(SUPPLIED INFORMATION)
(* Let $G$ be a proper, Polishable, strongly dense subgroup of $\mathbb{T}^\mathbb{N}$. Then the action of $G$ on $\mathbb{T}^\mathbb{N}$ by (coordinatewise multiplicative) translation, with $G$ carrying its Polish group topology, is turbulent.
   Context: $\mathbb{T}=\{z\in\mathbb{C}:|z|=1\}$, and $\mathbb{T}^\mathbb{N}$ carries the product topology and coordinatewise multiplication. A subgroup $G\le\mathbb{T}^\mathbb{N}$ is Polishable if it is a Borel subset and admits a Polish group topology whose Borel sets are exactly the Borel subsets of $\mathbb{T}^\mathbb{N}$ contained in $G$. $G$ is strongly dense if for every finite sequence $(z_0,\dots,z_n)$ of elements of $\mathbb{T}$ there is $g\in G$ with $g_i=z_i$ for all $i\le n$. For a continuous action of a Polish group $G$ on a Polish space $X$, $U\subseteq X$ open, $V\subseteq G$ a symmetric open neighborhood of the identity, and $x\in U$, the local orbit $\mathcal{O}(x,U,V)$ is the set of $y\in U$ for which there are $g_0,\dots,g_k\in V$ and $x=x_0,\dots,x_{k+1}=y$ all in $U$ with $x_{i+1}=g_i\cdot x_i$ for $i\le k$. The action is turbulent if every orbit is dense, every orbit is meager, and every local orbit $\mathcal{O}(x,U,V)$ has closure with nonempty interior. *)

theory Defs
  imports "HOL-Analysis.Analysis"
begin

definition polish_space :: "'a topology \<Rightarrow> bool" where
  "polish_space X \<longleftrightarrow> completely_metrizable_space X \<and> separable_space X"

definition borel_sets_of :: "'a topology \<Rightarrow> 'a set set" where
  "borel_sets_of X = sigma_sets (topspace X) {U. openin X U}"

definition nowhere_dense_in :: "'a topology \<Rightarrow> 'a set \<Rightarrow> bool" where
  "nowhere_dense_in X S \<longleftrightarrow> S \<subseteq> topspace X \<and> X interior_of (X closure_of S) = {}"

definition meager_in :: "'a topology \<Rightarrow> 'a set \<Rightarrow> bool" where
  "meager_in X S \<longleftrightarrow> S \<subseteq> topspace X \<and>
     (\<exists>F :: nat \<Rightarrow> 'a set. (\<forall>n. nowhere_dense_in X (F n)) \<and> S \<subseteq> (\<Union>n. F n))"

text \<open>Action of a topological group (topology \<open>Gt\<close> with underlying set \<open>topspace Gt\<close>,
  identity \<open>e\<close>, inverse \<open>inv\<close>) on a space \<open>X\<close> via \<open>act\<close>.\<close>

definition orbit :: "'g topology \<Rightarrow> ('g \<Rightarrow> 'x \<Rightarrow> 'x) \<Rightarrow> 'x \<Rightarrow> 'x set" where
  "orbit Gt act x = {act g x | g. g \<in> topspace Gt}"

definition local_orbit ::
  "('g \<Rightarrow> 'x \<Rightarrow> 'x) \<Rightarrow> 'x \<Rightarrow> 'x set \<Rightarrow> 'g set \<Rightarrow> 'x set" where
  "local_orbit act x U V = {y \<in> U. \<exists>(k::nat) (g :: nat \<Rightarrow> 'g) (xs :: nat \<Rightarrow> 'x).
      (\<forall>i\<le>k. g i \<in> V) \<and> (\<forall>i\<le>Suc k. xs i \<in> U) \<and> xs 0 = x \<and> xs (Suc k) = y \<and>
      (\<forall>i\<le>k. xs (Suc i) = act (g i) (xs i))}"

definition turbulent ::
  "'g topology \<Rightarrow> 'g \<Rightarrow> ('g \<Rightarrow> 'g) \<Rightarrow> 'x topology \<Rightarrow> ('g \<Rightarrow> 'x \<Rightarrow> 'x) \<Rightarrow> bool" where
  "turbulent Gt e ginv X act \<longleftrightarrow>
     (\<forall>x\<in>topspace X. X closure_of (orbit Gt act x) = topspace X) \<and>
     (\<forall>x\<in>topspace X. meager_in X (orbit Gt act x)) \<and>
     (\<forall>U V x. openin X U \<and> openin Gt V \<and> e \<in> V \<and> (\<forall>g\<in>V. ginv g \<in> V) \<and> x \<in> U \<longrightarrow>
        X interior_of (X closure_of (local_orbit act x U V)) \<noteq> {})"

definition Tor :: "complex set" where
  "Tor = {z. cmod z = 1}"

text \<open>\<open>\<T>^\<nat>\<close> as a subset of \<open>nat \<Rightarrow> complex\<close>, which carries the product topology.\<close>
definition TN :: "(nat \<Rightarrow> complex) set" where
  "TN = {x. \<forall>n. x n \<in> Tor}"

definition TN_top :: "(nat \<Rightarrow> complex) topology" where
  "TN_top = top_of_set TN"

definition tmult :: "(nat \<Rightarrow> complex) \<Rightarrow> (nat \<Rightarrow> complex) \<Rightarrow> (nat \<Rightarrow> complex)" where
  "tmult g x = (\<lambda>n. g n * x n)"

definition tinv :: "(nat \<Rightarrow> complex) \<Rightarrow> (nat \<Rightarrow> complex)" where
  "tinv g = (\<lambda>n. inverse (g n))"

definition tone :: "nat \<Rightarrow> complex" where
  "tone = (\<lambda>n. 1)"

definition subgroup_TN :: "(nat \<Rightarrow> complex) set \<Rightarrow> bool" where
  "subgroup_TN G \<longleftrightarrow> G \<subseteq> TN \<and> tone \<in> G \<and>
     (\<forall>g\<in>G. \<forall>h\<in>G. tmult g h \<in> G) \<and> (\<forall>g\<in>G. tinv g \<in> G)"

definition polish_group_topology_for :: "(nat \<Rightarrow> complex) set \<Rightarrow> (nat \<Rightarrow> complex) topology \<Rightarrow> bool" where
  "polish_group_topology_for G \<tau> \<longleftrightarrow>
     topspace \<tau> = G \<and> polish_space \<tau> \<and>
     continuous_map (prod_topology \<tau> \<tau>) \<tau> (\<lambda>(g, h). tmult g h) \<and>
     continuous_map \<tau> \<tau> tinv \<and>
     borel_sets_of \<tau> = {B \<in> sets (borel :: (nat \<Rightarrow> complex) measure). B \<subseteq> G}"

definition polishable :: "(nat \<Rightarrow> complex) set \<Rightarrow> bool" where
  "polishable G \<longleftrightarrow> subgroup_TN G \<and> G \<in> sets (borel :: (nat \<Rightarrow> complex) measure) \<and>
     (\<exists>\<tau>. polish_group_topology_for G \<tau>)"

definition strongly_dense :: "(nat \<Rightarrow> complex) set \<Rightarrow> bool" where
  "strongly_dense G \<longleftrightarrow>
     (\<forall>(n::nat) (z :: nat \<Rightarrow> complex). (\<forall>i\<le>n. z i \<in> Tor) \<longrightarrow> (\<exists>g\<in>G. \<forall>i\<le>n. g i = z i))"

end

theory Submission
  imports Defs "HOL-Complex_Analysis.Weierstrass_Factorization"
begin

text \<open>Orbits are dense since \<open>G\<close> is strongly dense, and meager since a non-meager subgroup
  with the Baire property contains a neighbourhood of the identity (Pettis), hence is open and,
  being dense, equal to \<open>TN\<close>.

  For local orbits, Pettis' lemma in the Polish topology \<open>\<tau>\<close> shows that \<open>\<tau>\<close>-small elements
  are small on finitely many coordinates. Countably many translates of a \<open>\<tau>\<close>-neighbourhood \<open>A\<close>
  of the identity cover \<open>G\<close>, so by strong density and Baire category in \<open>TN\<close> quotients
  \<open>b = a\<^sub>1\<inverse> a\<^sub>2\<close> (\<open>a\<^sub>i \<in> A\<close>) approximate any point near the identity on finitely many
  coordinates. Taking \<open>b\<close> close to an \<open>M\<close>-th root of \<open>y x\<inverse>\<close>, for \<open>y\<close> near \<open>x\<close>, the walk
  \<open>x, a\<^sub>1\<inverse> x, b x, a\<^sub>1\<inverse> b x, \<dots>, b\<^sup>M x\<close> takes steps in \<open>A \<union> A\<inverse>\<close>, stays near \<open>x\<close> and
  ends near \<open>y\<close>. So the closure of a local orbit of \<open>x\<close> contains a neighbourhood of \<open>x\<close>.\<close>

section \<open>Meager sets and the Baire property\<close>

lemma meager_in_subset: "meager_in X T \<Longrightarrow> S \<subseteq> T \<Longrightarrow> meager_in X S"
  unfolding meager_in_def by blast

lemma meager_in_empty: "meager_in X {}"
  unfolding meager_in_def nowhere_dense_in_def by auto

lemma nowhere_dense_imp_meager_in: "nowhere_dense_in X S \<Longrightarrow> meager_in X S"
  unfolding meager_in_def nowhere_dense_in_def by (intro conjI exI[of _ "\<lambda>n. S"]) auto

lemma meager_in_UN_nat:
  assumes "\<And>n::nat. meager_in X (A n)"
  shows "meager_in X (\<Union>n. A n)"
proof -
  have "\<forall>n. \<exists>F::nat \<Rightarrow> _. (\<forall>k. nowhere_dense_in X (F k)) \<and> A n \<subseteq> (\<Union>k. F k)"
    using assms unfolding meager_in_def by blast
  then obtain F :: "nat \<Rightarrow> nat \<Rightarrow> _"
    where F: "\<And>n k. nowhere_dense_in X (F n k)" "\<And>n. A n \<subseteq> (\<Union>k. F n k)"
    by (metis choice_iff)
  define F' where "F' j = case_prod F (prod_decode j)" for j
  have "(\<Union>n. A n) \<subseteq> (\<Union>j. F' j)"
  proof
    fix x assume "x \<in> (\<Union>n. A n)"
    then obtain n k where "x \<in> F n k" using F(2) by blast
    then show "x \<in> (\<Union>j. F' j)"
      unfolding F'_def by (intro UN_I[of "prod_encode (n, k)"]) auto
  qed
  moreover have "(\<Union>n. A n) \<subseteq> topspace X"
    using assms unfolding meager_in_def by blast
  moreover have "\<forall>j. nowhere_dense_in X (F' j)"
    by (simp add: F'_def F(1) split: prod.split)
  ultimately show ?thesis unfolding meager_in_def by blast
qed

lemma meager_in_countable_UN:
  assumes "countable K" "\<And>k. k \<in> K \<Longrightarrow> meager_in X (A k)"
  shows "meager_in X (\<Union>k\<in>K. A k)"
proof (cases "K = {}")
  case True
  then show ?thesis by (simp add: meager_in_empty)
next
  case False
  have "(\<Union>k\<in>K. A k) = (\<Union>n. A (from_nat_into K n))"
    using range_from_nat_into[OF False assms(1)] by (metis image_image)
  moreover have "meager_in X (\<Union>n. A (from_nat_into K n))"
    by (rule meager_in_UN_nat) (simp add: False assms from_nat_into)
  ultimately show ?thesis by simp
qed

lemma meager_in_Un:
  assumes "meager_in X S" "meager_in X T"
  shows "meager_in X (S \<union> T)"
proof -
  have "meager_in X (\<Union>k\<in>{S, T}. k)"
    by (rule meager_in_countable_UN) (use assms in auto)
  then show ?thesis by simp
qed

lemma not_meager_in_openin:
  assumes X: "completely_metrizable_space X \<or> locally_compact_space X \<and> regular_space X"
    and "openin X S" "S \<noteq> {}"
  shows "\<not> meager_in X S"
proof
  assume "meager_in X S"
  then obtain F :: "nat \<Rightarrow> _" where F: "\<And>n. nowhere_dense_in X (F n)" "S \<subseteq> (\<Union>n. F n)"
    unfolding meager_in_def by blast
  have "X interior_of \<Union>(range (\<lambda>n. X closure_of F n)) = {}"
    using F(1) by (intro Baire_category_alt X) (auto simp: nowhere_dense_in_def)
  moreover have "S \<subseteq> \<Union>(range (\<lambda>n. X closure_of F n))"
  proof
    fix x assume "x \<in> S"
    then obtain n where "x \<in> F n" using F(2) by blast
    then show "x \<in> \<Union>(range (\<lambda>n. X closure_of F n))"
      using F(1)[of n] closure_of_subset[of "F n" X] unfolding nowhere_dense_in_def by blast
  qed
  ultimately have "S \<subseteq> {}"
    by (metis assms(2) interior_of_maximal)
  then show False using assms by blast
qed

lemma countable_cover_somewhere_dense:
  assumes X: "completely_metrizable_space X \<or> locally_compact_space X \<and> regular_space X"
    and "countable D" "\<And>d. d \<in> D \<Longrightarrow> P d \<subseteq> topspace X"
    and "topspace X \<subseteq> (\<Union>d\<in>D. P d)" "topspace X \<noteq> {}"
  obtains d where "d \<in> D" "X interior_of (X closure_of P d) \<noteq> {}"
proof -
  have "\<exists>d\<in>D. \<not> nowhere_dense_in X (P d)"
  proof (rule ccontr)
    assume "\<not> ?thesis"
    then have "meager_in X (\<Union>d\<in>D. P d)"
      by (intro meager_in_countable_UN[OF assms(2)]) (blast intro: nowhere_dense_imp_meager_in)
    then show False
      using assms(4,5) meager_in_subset not_meager_in_openin[OF X] by (metis openin_topspace)
  qed
  then show ?thesis
    using that assms(3) unfolding nowhere_dense_in_def by blast
qed

lemma nowhere_dense_in_homeomorphic_image:
  assumes f: "homeomorphic_map X X f" and S: "nowhere_dense_in X S"
  shows "nowhere_dense_in X (f ` S)"
proof -
  have St: "S \<subseteq> topspace X" using S unfolding nowhere_dense_in_def by blast
  have "X interior_of (X closure_of (f ` S)) = f ` (X interior_of (X closure_of S))"
    using homeomorphic_map_closure_of[OF f St]
      homeomorphic_map_interior_of[OF f closure_of_subset_topspace] by simp
  moreover have "f ` S \<subseteq> topspace X"
    using St homeomorphic_imp_surjective_map[OF f] by blast
  ultimately show ?thesis using S unfolding nowhere_dense_in_def by auto
qed

lemma meager_in_homeomorphic_image:
  assumes f: "homeomorphic_map X X f" and S: "meager_in X S"
  shows "meager_in X (f ` S)"
proof -
  obtain F :: "nat \<Rightarrow> _"
    where F: "\<And>n. nowhere_dense_in X (F n)" "S \<subseteq> (\<Union>n. F n)" "S \<subseteq> topspace X"
    using S unfolding meager_in_def by blast
  show ?thesis unfolding meager_in_def
  proof (intro conjI exI[of _ "\<lambda>n. f ` F n"] allI)
    show "f ` S \<subseteq> topspace X"
      using F(3) homeomorphic_imp_surjective_map[OF f] by blast
    show "nowhere_dense_in X (f ` F n)" for n
      using F(1) nowhere_dense_in_homeomorphic_image[OF f] by blast
    show "f ` S \<subseteq> (\<Union>n. f ` F n)" using F(2) by blast
  qed
qed

lemma nowhere_dense_in_closure_of_diff:
  assumes "openin X Q"
  shows "nowhere_dense_in X (X closure_of Q - Q)"
proof -
  let ?T = "X closure_of Q - Q"
  have "X interior_of ?T \<inter> X closure_of Q = {}"
    using openin_Int_closure_of_eq_empty[of X "X interior_of ?T" Q] interior_of_subset[of X ?T]
    by auto
  then have "X interior_of ?T = {}"
    using interior_of_subset[of X ?T] by blast
  moreover have "closedin X ?T"
    using assms by (simp add: closedin_diff)
  ultimately show ?thesis
    using closure_of_closedin closedin_subset unfolding nowhere_dense_in_def by metis
qed

definition baire_property :: "'a topology \<Rightarrow> 'a set \<Rightarrow> bool" where
  "baire_property X A \<longleftrightarrow>
     A \<subseteq> topspace X \<and> (\<exists>Q. openin X Q \<and> meager_in X (sym_diff A Q))"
(End SUPPLIED INFORMATION)
Count the lines in the records above that contain the word "auto", and reply with that number alone.

- [WORKED SOLUTION]
7